In late 2005, inspectors identified an NCV (IR 05000266/2005013; 05000301/2005013) after the licensee found boric acid accumulation on the carbon steel hydraulic actuator connecting rod and corrosion of the hydraulic cylinder closure nuts for the SI-850 valves (the containment recirculation sump isolation valves). As part of its CAs, the licensee completed ACE 1981. During the current inspection, the inspectors reviewed ACE 1981 to determine if an appropriate cause evaluation, extent-of-condition evaluation, and CAs had been established for previous NCV discussed above. An acceptable, detailed extent-of-condition review had been performed to evaluate the Inservice Testing (IST)

Program for valve testing that may not detect stem separation; however, no extent-of-condition evaluation was performed to determine if other plant components could have undetected corrosion from unidentified boric acid deposits or from known deposits which had not yet been cleaned.

The resident inspectors had performed a partial walkdown shortly prior to this inspection and identified seven valves in the safety injection system with existing boric acid deposits.

From the information provided by the licensee and the inspectors evaluation the following were identified:

  • The current boric acid leakage and corrosion monitoring (BALCM)process had established a quarterly periodicity to perform walkdowns in the auxiliary building, rotating different levels in the building each quarter. For valves identified as leakers during these walkdowns, the time from identification to cleaning or identification for repair was typically 4 months.
  • The inspectors walkdown identified heavy accumulations of boric acid on the packing and body-to-bonnet joint of valve 1SI-870B, the P-14B containment spray pump suction valve from the T-13 refueling water storage tank. Previously on January 3, 2006, the licensee identified the need to clean this valve. The valve was cleaned on May 4; however, since May, heavy deposits have again accumulated on the packing and body-to-bonnet joint. Following the existing BALCM process and schedule of quarterly walkdowns, followed by evaluation and cleaning or repair, the valve would not be walked down until the 1st quarter of 2007 and potentially not evaluated, cleaned, or repaired until the 2nd quarter of 2007.

The valve could potentially have boric acid deposits for as much as 1 year before the deposits were ultimately addressed unless identified by a system engineer walkdown or an auxiliary operator on rounds.

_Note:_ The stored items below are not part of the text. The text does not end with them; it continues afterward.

(* Consider Algorithm SS-SQP (described in the context) under the standing assumptions (A1), (A2). For all $k\in\mathbb{N}$, $$\Delta l(x_k,\bar\tau_k,\bar g_k,\bar d_k)\ge\bar\tau_k\max\{\bar d_k^TH_k\bar d_k,0\}+\sigma\|c_k\|_1.$$ Furthermore, if $\bar\tau_k\ne\bar\tau_{k-1}$, then $0<\bar\tau_k\le(1-\epsilon_\tau)\bar\tau_{k-1}$.
   Context: Problem: $\min_{x\in\mathbb{R}^n}f(x)$ s.t. $c(x)=0$ with $f,c$ continuously differentiable, $c:\mathbb{R}^n\to\mathbb{R}^m$, $m\le n$; $c_k=c(x_k)$, $J_k=\nabla c(x_k)^T$. $\Delta l(x,\tau,g,d)=-\tau g^Td+\|c(x)\|_1$. Standing assumption (A1): there is an open convex set $\mathcal{X}$ containing all iterates and trial iterates; $f$ bounded below, $\nabla f$ $L$-Lipschitz and bounded, $c$ bounded, each $\nabla c_i$ Lipschitz and bounded on $\mathcal{X}$; singular values of $\nabla c(x)^T$ bounded away from zero on $\mathcal{X}$. (A2): $H_k$ symmetric, chosen independently of $\bar g_k$, $\|H_k\|\le\kappa_H$, $u^TH_ku\ge\zeta\|u\|^2$ for $u\in\mathrm{Null}(J_k)$, $\kappa_H,\zeta>0$. Algorithm SS-SQP: inputs $x_0$, $\bar\tau_{-1}>0$, $\alpha_{\max}\in(0,1]$, $\alpha_0\in(0,\alpha_{\max}]$, $\epsilon_f\ge0$, $\gamma,\theta,\sigma,\epsilon_\tau\in(0,1)$. At iteration $k$: random gradient estimate $\bar g_k\in\mathbb{R}^n$; solve $\begin{bmatrix}H_k & J_k^T\\ J_k&0\end{bmatrix}\begin{bmatrix}\bar d_k\\ \bar y_k\end{bmatrix}=-\begin{bmatrix}\bar g_k\\ c_k\end{bmatrix}$; $\bar\tau_k^{\rm trial}=\infty$ if $\bar g_k^T\bar d_k+\max\{\bar d_k^TH_k\bar d_k,0\}\le0$, else $(1-\sigma)\|c_k\|_1/(\bar g_k^T\bar d_k+\max\{\bar d_k^TH_k\bar d_k,0\})$; $\bar\tau_k=\bar\tau_{k-1}$ if $\bar\tau_{k-1}\le\bar\tau_k^{\rm trial}$, else $\bar\tau_k=\min\{(1-\epsilon_\tau)\bar\tau_{k-1},\bar\tau_k^{\rm trial}\}$; $x_k^+=x_k+\alpha_k\bar d_k$; with objective estimates $\bar f$ and $\bar\phi(x,\tau;\xi)=\tau\bar f(x;\xi)+\|c(x)\|_1$, set $x_{k+1}=x_k^+$, $\alpha_{k+1}=\min\{\alpha_{\max},\alpha_k/\gamma\}$ if $\bar\phi(x_k^+,\bar\tau_k;\xi_k^+)\le\bar\phi(x_k,\bar\tau_k;\xi_k^0)-\alpha_k\theta\Delta l(x_k,\bar\tau_k,\bar g_k,\bar d_k)+2\bar\tau_k\epsilon_f$, else $x_{k+1}=x_k$, $\alpha_{k+1}=\gamma\alpha_k$. *)

theory Defs
  imports "HOL-Analysis.Analysis"
begin

definition l1norm :: "real^'m \<Rightarrow> real" where
  "l1norm v = (\<Sum>i\<in>UNIV. \<bar>v $ i\<bar>)"

definition Delta_l :: "(real^'n \<Rightarrow> real^'m) \<Rightarrow> real^'n \<Rightarrow> real \<Rightarrow> real^'n \<Rightarrow> real^'n \<Rightarrow> real" where
  "Delta_l c x tau g d = - tau * (g \<bullet> d) + l1norm (c x)"

definition tau_trial :: "real \<Rightarrow> real^'n^'n \<Rightarrow> real^'n \<Rightarrow> real^'n \<Rightarrow> real \<Rightarrow> ereal" where
  "tau_trial sig H g d cnorm =
     (if g \<bullet> d + max (d \<bullet> (H *v d)) 0 \<le> 0 then \<infinity>
      else ereal ((1 - sig) * cnorm / (g \<bullet> d + max (d \<bullet> (H *v d)) 0)))"

definition tau_update :: "real \<Rightarrow> real \<Rightarrow> ereal \<Rightarrow> real" where
  "tau_update eps_tau tau_prev ttrial =
     (if ereal tau_prev \<le> ttrial then tau_prev
      else min ((1 - eps_tau) * tau_prev) (real_of_ereal ttrial))"

definition phibar :: "(real^'n \<Rightarrow> 'xi \<Rightarrow> real) \<Rightarrow> (real^'n \<Rightarrow> real^'m) \<Rightarrow> real^'n \<Rightarrow> real \<Rightarrow> 'xi \<Rightarrow> real" where
  "phibar fbar c x tau xi = tau * fbar x xi + l1norm (c x)"

end

theory Submission
  imports Defs
begin

(* The update never lets tau exceed the trial value, which is either +infinity or positive:
   at a feasible iterate (c = 0) the step lies in the null space of J, so the first row of the
   linear system and the curvature condition give g'd + max(d'Hd, 0) <= 0 and the trial value
   is +infinity.  Hence tau stays positive, and tau <= trial value rearranges to the bound on
   the model reduction. *)

lemma l1norm_nonneg: "l1norm (v::real^'m) \<ge> 0"
  unfolding l1norm_def by (simp add: sum_nonneg)

lemma l1norm_eq_0_iff: "l1norm (v::real^'m) = 0 \<longleftrightarrow> v = 0"
  unfolding l1norm_def by (simp add: sum_nonneg_eq_0_iff vec_eq_iff)

lemma saddle_point_system_inner:
  fixes H :: "real^'n^'n" and J :: "real^'n^'m"
  assumes "H *v d + transpose J *v y = - g" and "J *v d = - c"
  shows "g \<bullet> d + d \<bullet> (H *v d) = c \<bullet> y"
proof -
  have "d \<bullet> (transpose J *v y) = (J *v d) \<bullet> y"
    by (metis dot_lmul_matrix inner_commute transpose_matrix_vector)
  then show ?thesis
    using arg_cong[OF assms(1), of "\<lambda>v. d \<bullet> v"] assms(2)
    by (simp add: inner_add_right inner_commute)
qed

lemma model_term_nonpos_if_feasible:
  fixes H :: "real^'n^'n" and J :: "real^'n^'m"
  assumes "H *v d + transpose J *v y = - g" and "J *v d = 0"
    and "\<And>u. J *v u = 0 \<Longrightarrow> zeta * (norm u)\<^sup>2 \<le> u \<bullet> (H *v u)" and "zeta \<ge> 0"
  shows "g \<bullet> d + max (d \<bullet> (H *v d)) 0 \<le> 0"
proof -
  have "d \<bullet> (H *v d) \<ge> 0"
    using assms(2-4) by (meson order_trans zero_le_mult_iff zero_le_power2)
  moreover have "g \<bullet> d + d \<bullet> (H *v d) = 0"
    using saddle_point_system_inner[OF assms(1)] assms(2) by simp
  ultimately show ?thesis by simp
qed

lemma tau_trial_pos:
  assumes "sig < 1" and "cn \<ge> 0"
    and "cn = 0 \<Longrightarrow> g \<bullet> d + max (d \<bullet> (H *v d)) 0 \<le> 0"
  shows "tau_trial sig H g d cn > 0"
  using assms by (cases "cn = 0") (auto simp: tau_trial_def)

lemma tau_update_pos:
  assumes "prev > 0" and "eps < 1" and "ttrial > 0"
  shows "tau_update eps prev ttrial > 0"
  using assms by (cases ttrial) (auto simp: tau_update_def)

lemma tau_update_le_trial:
  assumes "eps > 0" and "prev > 0" and "ttrial > 0"
  shows "ereal (tau_update eps prev ttrial) \<le> ttrial"
  using assms by (cases ttrial) (auto simp: tau_update_def)

lemma tau_update_decrease:
  assumes "tau_update eps prev ttrial \<noteq> prev"
  shows "tau_update eps prev ttrial \<le> (1 - eps) * prev"
  using assms by (auto simp: tau_update_def)

lemma model_reduction_ge_if_le_tau_trial:
  assumes "t \<ge> 0" and "ereal t \<le> tau_trial sig H g d cn" and "cn \<ge> 0" and "sig \<le> 1"
  shows "- t * (g \<bullet> d) + cn \<ge> t * max (d \<bullet> (H *v d)) 0 + sig * cn"
proof (cases "g \<bullet> d + max (d \<bullet> (H *v d)) 0 \<le> 0")
  case True
  then have "t * max (d \<bullet> (H *v d)) 0 \<le> t * - (g \<bullet> d)"
    using assms(1) by (intro mult_left_mono) auto
  moreover have "sig * cn \<le> cn"
    using assms(3,4) mult_right_mono[of sig 1 cn] by simp
  ultimately show ?thesis by simp
next
  case False
  then have "t * (g \<bullet> d + max (d \<bullet> (H *v d)) 0) \<le> (1 - sig) * cn"
    using assms(2) by (simp add: tau_trial_def pos_le_divide_eq)
  then show ?thesis by (simp add: algebra_simps)
qed

theorem lemma3p11:
  fixes f :: "real^'n \<Rightarrow> real" and grad_f :: "real^'n \<Rightarrow> real^'n"
    and c :: "real^'n \<Rightarrow> real^'m" and Jc :: "real^'n \<Rightarrow> real^'n^'m"
    and X :: "(real^'n) set"
    and fbar :: "real^'n \<Rightarrow> 'xi \<Rightarrow> real" and xi0 xiplus :: "nat \<Rightarrow> 'xi"
    and x gbar d :: "nat \<Rightarrow> real^'n" and y :: "nat \<Rightarrow> real^'m"
    and H :: "nat \<Rightarrow> real^'n^'n"
    and tau alpha :: "nat \<Rightarrow> real"
    and tau_m1 alpha_max eps_f gamma theta sig eps_tau L kappa_H zeta :: real
  assumes m_le_n: "CARD('m) \<le> CARD('n)"
    \<comment> \<open>f, c continuously differentiable, with gradient of f and Jacobian of c\<close>
    and f_deriv: "\<And>z. (f has_derivative (\<lambda>h. grad_f z \<bullet> h)) (at z)"
    and c_deriv: "\<And>z. (c has_derivative (\<lambda>h. Jc z *v h)) (at z)"
    and grad_f_cont: "continuous_on UNIV grad_f"
    and Jc_cont: "continuous_on UNIV Jc"
    \<comment> \<open>algorithm parameters\<close>
    and tau_m1_pos: "tau_m1 > 0"
    and alpha_max: "0 < alpha_max" "alpha_max \<le> 1"
    and alpha0: "0 < alpha 0" "alpha 0 \<le> alpha_max"
    and eps_f: "eps_f \<ge> 0"
    and gamma: "0 < gamma" "gamma < 1"
    and theta: "0 < theta" "theta < 1"
    and sig: "0 < sig" "sig < 1"
    and eps_tau: "0 < eps_tau" "eps_tau < 1"
    \<comment> \<open>Algorithm SS-SQP: linear system\<close>
    and sys1: "\<And>k. H k *v d k + transpose (Jc (x k)) *v y k = - gbar k"
    and sys2: "\<And>k. Jc (x k) *v d k = - c (x k)"
    \<comment> \<open>merit parameter update (tau_{-1} = tau_m1)\<close>
    and tau_rule: "\<And>k. tau k = tau_update eps_tau (if k = 0 then tau_m1 else tau (k - 1))
                          (tau_trial sig (H k) (gbar k) (d k) (l1norm (c (x k))))"
    \<comment> \<open>step acceptance test\<close>
    and step_rule: "\<And>k.
       (phibar fbar c (x k + alpha k *\<^sub>R d k) (tau k) (xiplus k)
          \<le> phibar fbar c (x k) (tau k) (xi0 k)
             - alpha k * theta * Delta_l c (x k) (tau k) (gbar k) (d k) + 2 * tau k * eps_f
        \<longrightarrow> x (Suc k) = x k + alpha k *\<^sub>R d k \<and> alpha (Suc k) = min alpha_max (alpha k / gamma))
     \<and> (\<not> phibar fbar c (x k + alpha k *\<^sub>R d k) (tau k) (xiplus k)
          \<le> phibar fbar c (x k) (tau k) (xi0 k)
             - alpha k * theta * Delta_l c (x k) (tau k) (gbar k) (d k) + 2 * tau k * eps_f
        \<longrightarrow> x (Suc k) = x k \<and> alpha (Suc k) = gamma * alpha k)"
    \<comment> \<open>(A1)\<close>
    and X_open: "open X" and X_convex: "convex X"
    and X_iter: "\<And>k. x k \<in> X" and X_trial: "\<And>k. x k + alpha k *\<^sub>R d k \<in> X"
    and f_bdd_below: "bdd_below (f ` X)"
    and grad_f_lip: "L-lipschitz_on X grad_f"
    and grad_f_bdd: "bounded (grad_f ` X)"
    and c_bdd: "bounded (c ` X)"
    and grad_ci_lip: "\<And>i. \<exists>Li. Li-lipschitz_on X (\<lambda>z. Jc z $ i)"
    and grad_ci_bdd: "\<And>i. bounded ((\<lambda>z. Jc z $ i) ` X)"
    and sing_vals: "\<exists>kappa>0. \<forall>z\<in>X. \<forall>v. kappa * norm v \<le> norm (transpose (Jc z) *v v)"
    \<comment> \<open>(A2)\<close>
    and kappa_H: "kappa_H > 0" and zeta: "zeta > 0"
    and H_sym: "\<And>k. transpose (H k) = H k"
    and H_bdd: "\<And>k. onorm (\<lambda>v. H k *v v) \<le> kappa_H"
    and H_curv: "\<And>k u. Jc (x k) *v u = 0 \<Longrightarrow> u \<bullet> (H k *v u) \<ge> zeta * (norm u)\<^sup>2"
  shows "\<forall>k. Delta_l c (x k) (tau k) (gbar k) (d k)
               \<ge> tau k * max (d k \<bullet> (H k *v d k)) 0 + sig * l1norm (c (x k))
           \<and> (tau k \<noteq> (if k = 0 then tau_m1 else tau (k - 1))
               \<longrightarrow> 0 < tau k \<and> tau k \<le> (1 - eps_tau) * (if k = 0 then tau_m1 else tau (k - 1)))"
proof -
  define tau_prev where "tau_prev k = (if k = 0 then tau_m1 else tau (k - 1))" for k
  define trial where "trial k = tau_trial sig (H k) (gbar k) (d k) (l1norm (c (x k)))" for k
  have tau_k: "tau k = tau_update eps_tau (tau_prev k) (trial k)" for k
    using tau_rule unfolding tau_prev_def trial_def .
  have feasible: "gbar k \<bullet> d k + max (d k \<bullet> (H k *v d k)) 0 \<le> 0"
    if "l1norm (c (x k)) = 0" for k
    using model_term_nonpos_if_feasible[OF sys1 _ H_curv] sys2[of k] that zeta
    by (simp add: l1norm_eq_0_iff)
  have trial_pos: "trial k > 0" for k
    unfolding trial_def using tau_trial_pos sig l1norm_nonneg feasible by blast
  have prev_pos: "tau_prev k > 0" for k
  proof (induction k)
    case 0
    then show ?case using tau_m1_pos by (simp add: tau_prev_def)
  next
    case (Suc k)
    then show ?case using tau_update_pos eps_tau trial_pos tau_k
      by (simp add: tau_prev_def)
  qed
  have "Delta_l c (x k) (tau k) (gbar k) (d k)
          \<ge> tau k * max (d k \<bullet> (H k *v d k)) 0 + sig * l1norm (c (x k))" for k
    unfolding Delta_l_def
    using model_reduction_ge_if_le_tau_trial tau_update_pos tau_update_le_trial
      prev_pos trial_pos eps_tau sig l1norm_nonneg
    by (metis less_imp_le tau_k trial_def)
  moreover have "tau k \<noteq> tau_prev k \<longrightarrow> 0 < tau k \<and> tau k \<le> (1 - eps_tau) * tau_prev k" for k
    using tau_update_pos tau_update_decrease prev_pos trial_pos eps_tau tau_k by metis
  ultimately show ?thesis unfolding tau_prev_def by simp
qed

end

Appendix C of BALCM program document noted that evaluation of the leakage should be performed prior to cleaning and that these evaluations may need to be changed after cleaning was performed as evidence of degradation may be revealed subsequent to cleaning.

While the components affected for this valve were stainless steel, the same process issues and lengthy period of time between identification, evaluation, and cleaning and repair could occur for a stainless steel valve that had carbon steel parts exposed to boric acid.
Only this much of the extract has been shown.